======== MATERIAL TO PROCESS ========

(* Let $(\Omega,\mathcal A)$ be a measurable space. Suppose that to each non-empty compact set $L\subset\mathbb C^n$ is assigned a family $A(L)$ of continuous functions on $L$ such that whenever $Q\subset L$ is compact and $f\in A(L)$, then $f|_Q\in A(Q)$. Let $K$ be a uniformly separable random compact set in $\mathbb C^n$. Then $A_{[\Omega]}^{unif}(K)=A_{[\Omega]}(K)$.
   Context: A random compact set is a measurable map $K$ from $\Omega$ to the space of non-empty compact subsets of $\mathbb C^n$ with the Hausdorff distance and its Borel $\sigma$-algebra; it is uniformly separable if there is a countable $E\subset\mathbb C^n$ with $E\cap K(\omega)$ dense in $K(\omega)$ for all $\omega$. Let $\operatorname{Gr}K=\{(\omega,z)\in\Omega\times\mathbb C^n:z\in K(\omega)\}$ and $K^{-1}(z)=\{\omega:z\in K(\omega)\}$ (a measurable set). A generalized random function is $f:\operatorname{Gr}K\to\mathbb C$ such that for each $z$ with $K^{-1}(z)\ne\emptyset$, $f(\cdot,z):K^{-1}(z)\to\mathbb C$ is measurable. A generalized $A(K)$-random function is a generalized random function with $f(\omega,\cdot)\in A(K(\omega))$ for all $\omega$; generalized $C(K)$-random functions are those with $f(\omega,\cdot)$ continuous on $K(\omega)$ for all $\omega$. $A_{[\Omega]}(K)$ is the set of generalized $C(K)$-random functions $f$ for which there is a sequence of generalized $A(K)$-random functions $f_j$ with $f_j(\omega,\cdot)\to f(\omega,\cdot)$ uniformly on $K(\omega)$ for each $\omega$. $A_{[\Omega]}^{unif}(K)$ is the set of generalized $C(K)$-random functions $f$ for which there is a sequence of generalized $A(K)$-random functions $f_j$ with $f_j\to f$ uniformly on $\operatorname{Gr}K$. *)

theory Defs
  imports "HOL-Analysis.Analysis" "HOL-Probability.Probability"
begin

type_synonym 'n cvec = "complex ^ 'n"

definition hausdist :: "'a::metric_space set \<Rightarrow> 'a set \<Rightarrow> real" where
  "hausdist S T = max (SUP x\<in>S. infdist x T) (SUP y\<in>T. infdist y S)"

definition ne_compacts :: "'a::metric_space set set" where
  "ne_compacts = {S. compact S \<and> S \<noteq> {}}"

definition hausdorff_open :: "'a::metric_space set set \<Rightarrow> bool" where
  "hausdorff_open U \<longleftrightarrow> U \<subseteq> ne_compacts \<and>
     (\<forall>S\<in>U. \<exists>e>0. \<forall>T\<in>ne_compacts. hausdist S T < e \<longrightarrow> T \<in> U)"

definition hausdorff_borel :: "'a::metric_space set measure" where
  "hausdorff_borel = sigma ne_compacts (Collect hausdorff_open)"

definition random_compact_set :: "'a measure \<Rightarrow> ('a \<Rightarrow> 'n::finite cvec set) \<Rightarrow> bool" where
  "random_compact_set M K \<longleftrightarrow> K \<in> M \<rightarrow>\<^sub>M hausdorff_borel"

========
======== MATERIAL TO PROCESS ========

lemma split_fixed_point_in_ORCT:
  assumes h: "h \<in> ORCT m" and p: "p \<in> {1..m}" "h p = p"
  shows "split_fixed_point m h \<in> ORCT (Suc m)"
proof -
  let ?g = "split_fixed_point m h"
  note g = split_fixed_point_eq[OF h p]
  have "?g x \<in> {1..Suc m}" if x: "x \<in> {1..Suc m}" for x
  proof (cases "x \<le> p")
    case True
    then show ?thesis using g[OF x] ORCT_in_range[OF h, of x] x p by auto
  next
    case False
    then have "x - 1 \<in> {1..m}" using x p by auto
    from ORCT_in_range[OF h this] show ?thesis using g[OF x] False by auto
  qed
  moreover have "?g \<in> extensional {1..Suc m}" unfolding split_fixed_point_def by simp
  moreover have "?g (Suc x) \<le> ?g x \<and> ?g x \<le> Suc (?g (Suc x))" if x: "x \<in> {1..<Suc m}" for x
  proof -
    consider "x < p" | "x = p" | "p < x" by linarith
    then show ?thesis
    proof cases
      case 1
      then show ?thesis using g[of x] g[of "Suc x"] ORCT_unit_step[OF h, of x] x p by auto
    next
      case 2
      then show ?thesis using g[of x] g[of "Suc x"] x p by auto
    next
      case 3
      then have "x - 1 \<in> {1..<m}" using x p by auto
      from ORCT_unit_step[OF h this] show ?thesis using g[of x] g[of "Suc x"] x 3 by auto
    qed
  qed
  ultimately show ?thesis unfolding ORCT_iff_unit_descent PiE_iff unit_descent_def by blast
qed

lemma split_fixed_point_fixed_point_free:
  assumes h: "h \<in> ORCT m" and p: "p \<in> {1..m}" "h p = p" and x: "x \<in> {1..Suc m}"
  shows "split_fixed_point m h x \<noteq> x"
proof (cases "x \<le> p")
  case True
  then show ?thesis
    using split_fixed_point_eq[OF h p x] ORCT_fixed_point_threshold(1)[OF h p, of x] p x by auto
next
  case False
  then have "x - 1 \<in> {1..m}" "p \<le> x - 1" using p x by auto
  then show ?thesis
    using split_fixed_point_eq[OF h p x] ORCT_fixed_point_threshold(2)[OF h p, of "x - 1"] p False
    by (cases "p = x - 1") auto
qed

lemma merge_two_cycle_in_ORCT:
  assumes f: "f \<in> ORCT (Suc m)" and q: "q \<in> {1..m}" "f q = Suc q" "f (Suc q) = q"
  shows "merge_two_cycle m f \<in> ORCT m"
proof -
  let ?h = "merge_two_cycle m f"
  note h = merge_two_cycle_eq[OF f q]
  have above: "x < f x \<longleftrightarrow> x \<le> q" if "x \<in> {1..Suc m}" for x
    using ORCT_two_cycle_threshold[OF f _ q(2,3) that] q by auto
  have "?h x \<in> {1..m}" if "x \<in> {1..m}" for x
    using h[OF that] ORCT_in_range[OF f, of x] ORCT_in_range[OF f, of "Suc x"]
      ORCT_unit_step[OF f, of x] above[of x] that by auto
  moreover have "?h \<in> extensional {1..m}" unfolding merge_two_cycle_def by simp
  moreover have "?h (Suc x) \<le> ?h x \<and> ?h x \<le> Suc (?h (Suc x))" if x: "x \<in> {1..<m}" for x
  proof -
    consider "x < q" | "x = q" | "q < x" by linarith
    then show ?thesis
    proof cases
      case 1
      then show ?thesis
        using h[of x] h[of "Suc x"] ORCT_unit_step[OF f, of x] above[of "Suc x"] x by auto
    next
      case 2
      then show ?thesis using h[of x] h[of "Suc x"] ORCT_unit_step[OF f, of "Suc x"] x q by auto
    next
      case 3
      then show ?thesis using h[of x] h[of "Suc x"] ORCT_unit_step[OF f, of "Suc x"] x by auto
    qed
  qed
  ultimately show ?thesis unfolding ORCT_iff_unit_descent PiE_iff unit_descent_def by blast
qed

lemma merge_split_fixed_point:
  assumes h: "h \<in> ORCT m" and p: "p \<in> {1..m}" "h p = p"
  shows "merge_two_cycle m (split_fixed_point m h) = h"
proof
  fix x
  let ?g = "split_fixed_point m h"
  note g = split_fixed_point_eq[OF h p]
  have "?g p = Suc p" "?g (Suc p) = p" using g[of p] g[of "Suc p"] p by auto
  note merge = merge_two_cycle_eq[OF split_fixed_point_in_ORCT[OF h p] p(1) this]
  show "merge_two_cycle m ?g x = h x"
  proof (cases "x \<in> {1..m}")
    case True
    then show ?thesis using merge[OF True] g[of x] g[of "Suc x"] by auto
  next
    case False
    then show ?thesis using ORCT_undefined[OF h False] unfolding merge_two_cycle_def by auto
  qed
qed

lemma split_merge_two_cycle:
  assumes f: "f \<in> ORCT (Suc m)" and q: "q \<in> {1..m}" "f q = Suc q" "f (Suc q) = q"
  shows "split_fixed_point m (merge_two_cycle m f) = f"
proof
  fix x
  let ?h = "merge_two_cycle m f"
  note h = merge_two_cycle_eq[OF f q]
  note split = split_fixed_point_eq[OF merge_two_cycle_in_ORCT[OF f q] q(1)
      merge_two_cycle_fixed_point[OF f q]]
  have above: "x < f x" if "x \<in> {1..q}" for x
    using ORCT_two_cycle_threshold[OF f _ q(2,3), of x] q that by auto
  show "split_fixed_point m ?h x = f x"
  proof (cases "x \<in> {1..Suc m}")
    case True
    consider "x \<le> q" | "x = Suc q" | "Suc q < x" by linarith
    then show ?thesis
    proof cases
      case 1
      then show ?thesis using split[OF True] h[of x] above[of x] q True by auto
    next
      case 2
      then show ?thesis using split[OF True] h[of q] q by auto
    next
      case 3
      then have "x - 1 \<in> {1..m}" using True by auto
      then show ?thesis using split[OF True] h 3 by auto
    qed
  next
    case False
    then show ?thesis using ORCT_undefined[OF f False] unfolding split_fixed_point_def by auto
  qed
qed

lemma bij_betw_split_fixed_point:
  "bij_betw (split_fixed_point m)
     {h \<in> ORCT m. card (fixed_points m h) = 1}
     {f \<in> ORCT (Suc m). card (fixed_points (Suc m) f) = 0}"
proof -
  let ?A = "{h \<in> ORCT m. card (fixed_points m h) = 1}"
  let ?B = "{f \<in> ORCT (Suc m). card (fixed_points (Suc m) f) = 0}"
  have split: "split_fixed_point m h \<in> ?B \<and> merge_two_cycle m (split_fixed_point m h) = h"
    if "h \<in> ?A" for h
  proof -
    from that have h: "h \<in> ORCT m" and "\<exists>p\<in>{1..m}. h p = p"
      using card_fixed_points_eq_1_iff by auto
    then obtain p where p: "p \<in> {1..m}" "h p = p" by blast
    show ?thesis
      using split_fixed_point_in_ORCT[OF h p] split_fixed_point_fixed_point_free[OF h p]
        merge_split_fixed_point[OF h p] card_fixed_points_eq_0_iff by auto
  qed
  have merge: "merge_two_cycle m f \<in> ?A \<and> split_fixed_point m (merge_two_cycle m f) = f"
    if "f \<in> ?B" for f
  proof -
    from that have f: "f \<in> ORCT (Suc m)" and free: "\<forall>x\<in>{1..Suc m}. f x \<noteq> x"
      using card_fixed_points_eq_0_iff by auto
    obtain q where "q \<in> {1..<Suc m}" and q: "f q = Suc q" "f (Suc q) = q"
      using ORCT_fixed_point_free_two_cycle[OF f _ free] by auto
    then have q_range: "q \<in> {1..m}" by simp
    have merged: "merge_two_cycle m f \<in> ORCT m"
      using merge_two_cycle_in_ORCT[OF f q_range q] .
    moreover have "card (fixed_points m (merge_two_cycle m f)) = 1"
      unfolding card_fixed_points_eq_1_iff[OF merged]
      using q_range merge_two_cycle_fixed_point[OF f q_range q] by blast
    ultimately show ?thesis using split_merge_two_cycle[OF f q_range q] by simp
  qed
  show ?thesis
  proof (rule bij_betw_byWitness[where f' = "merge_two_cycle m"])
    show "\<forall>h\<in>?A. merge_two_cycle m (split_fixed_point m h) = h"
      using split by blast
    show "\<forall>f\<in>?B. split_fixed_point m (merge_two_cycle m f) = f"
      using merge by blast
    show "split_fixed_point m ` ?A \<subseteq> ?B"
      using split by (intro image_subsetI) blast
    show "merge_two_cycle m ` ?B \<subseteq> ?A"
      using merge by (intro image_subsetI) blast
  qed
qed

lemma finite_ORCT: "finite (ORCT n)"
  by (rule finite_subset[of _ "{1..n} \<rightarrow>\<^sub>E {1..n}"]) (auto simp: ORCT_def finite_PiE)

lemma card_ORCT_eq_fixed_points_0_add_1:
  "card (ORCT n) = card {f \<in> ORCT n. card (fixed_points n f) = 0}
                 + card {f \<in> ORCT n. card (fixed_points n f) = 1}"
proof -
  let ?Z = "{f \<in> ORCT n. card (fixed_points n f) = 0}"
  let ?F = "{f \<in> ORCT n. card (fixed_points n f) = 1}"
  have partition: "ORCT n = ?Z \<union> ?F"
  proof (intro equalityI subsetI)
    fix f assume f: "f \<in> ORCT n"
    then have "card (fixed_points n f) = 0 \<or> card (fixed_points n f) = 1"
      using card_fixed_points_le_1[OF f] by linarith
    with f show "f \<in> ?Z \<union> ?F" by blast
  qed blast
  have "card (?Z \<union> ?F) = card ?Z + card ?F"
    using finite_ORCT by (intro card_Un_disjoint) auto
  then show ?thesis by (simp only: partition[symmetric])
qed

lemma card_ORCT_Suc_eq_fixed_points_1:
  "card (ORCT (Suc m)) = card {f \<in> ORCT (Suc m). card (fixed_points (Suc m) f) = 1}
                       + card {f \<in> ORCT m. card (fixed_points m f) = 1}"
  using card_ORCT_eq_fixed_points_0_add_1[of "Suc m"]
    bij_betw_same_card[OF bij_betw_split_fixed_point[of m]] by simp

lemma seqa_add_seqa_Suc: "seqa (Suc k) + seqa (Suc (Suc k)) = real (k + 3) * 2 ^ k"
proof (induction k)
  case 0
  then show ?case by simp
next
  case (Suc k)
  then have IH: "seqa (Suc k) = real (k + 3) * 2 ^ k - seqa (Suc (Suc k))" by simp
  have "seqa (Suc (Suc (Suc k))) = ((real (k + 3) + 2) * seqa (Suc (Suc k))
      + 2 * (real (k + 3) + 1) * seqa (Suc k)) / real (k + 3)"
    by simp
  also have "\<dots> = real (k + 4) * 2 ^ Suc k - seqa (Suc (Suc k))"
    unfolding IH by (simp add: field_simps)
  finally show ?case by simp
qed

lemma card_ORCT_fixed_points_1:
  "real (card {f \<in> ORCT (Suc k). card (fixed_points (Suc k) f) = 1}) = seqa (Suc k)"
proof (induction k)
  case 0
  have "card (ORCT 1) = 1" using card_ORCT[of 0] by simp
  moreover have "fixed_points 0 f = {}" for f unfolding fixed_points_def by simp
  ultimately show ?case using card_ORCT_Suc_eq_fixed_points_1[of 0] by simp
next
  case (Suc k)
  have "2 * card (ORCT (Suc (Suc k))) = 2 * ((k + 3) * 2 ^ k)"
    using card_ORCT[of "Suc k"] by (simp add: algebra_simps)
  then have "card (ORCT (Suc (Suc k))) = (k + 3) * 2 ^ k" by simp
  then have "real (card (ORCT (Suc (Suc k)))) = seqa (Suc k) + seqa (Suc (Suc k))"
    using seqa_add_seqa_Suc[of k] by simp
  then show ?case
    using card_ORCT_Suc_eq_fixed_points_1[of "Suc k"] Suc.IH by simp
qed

========

-- WHAT TO PRODUCE --
Report, from the entries above, each line where "linarith" is found.

-- ANSWER TO THE EXERCISE --
    consider "x < p" | "x = p" | "p < x" by linarith
    consider "x < q" | "x = q" | "q < x" by linarith
    consider "x \<le> q" | "x = Suc q" | "Suc q < x" by linarith
      using card_fixed_points_le_1[OF f] by linarith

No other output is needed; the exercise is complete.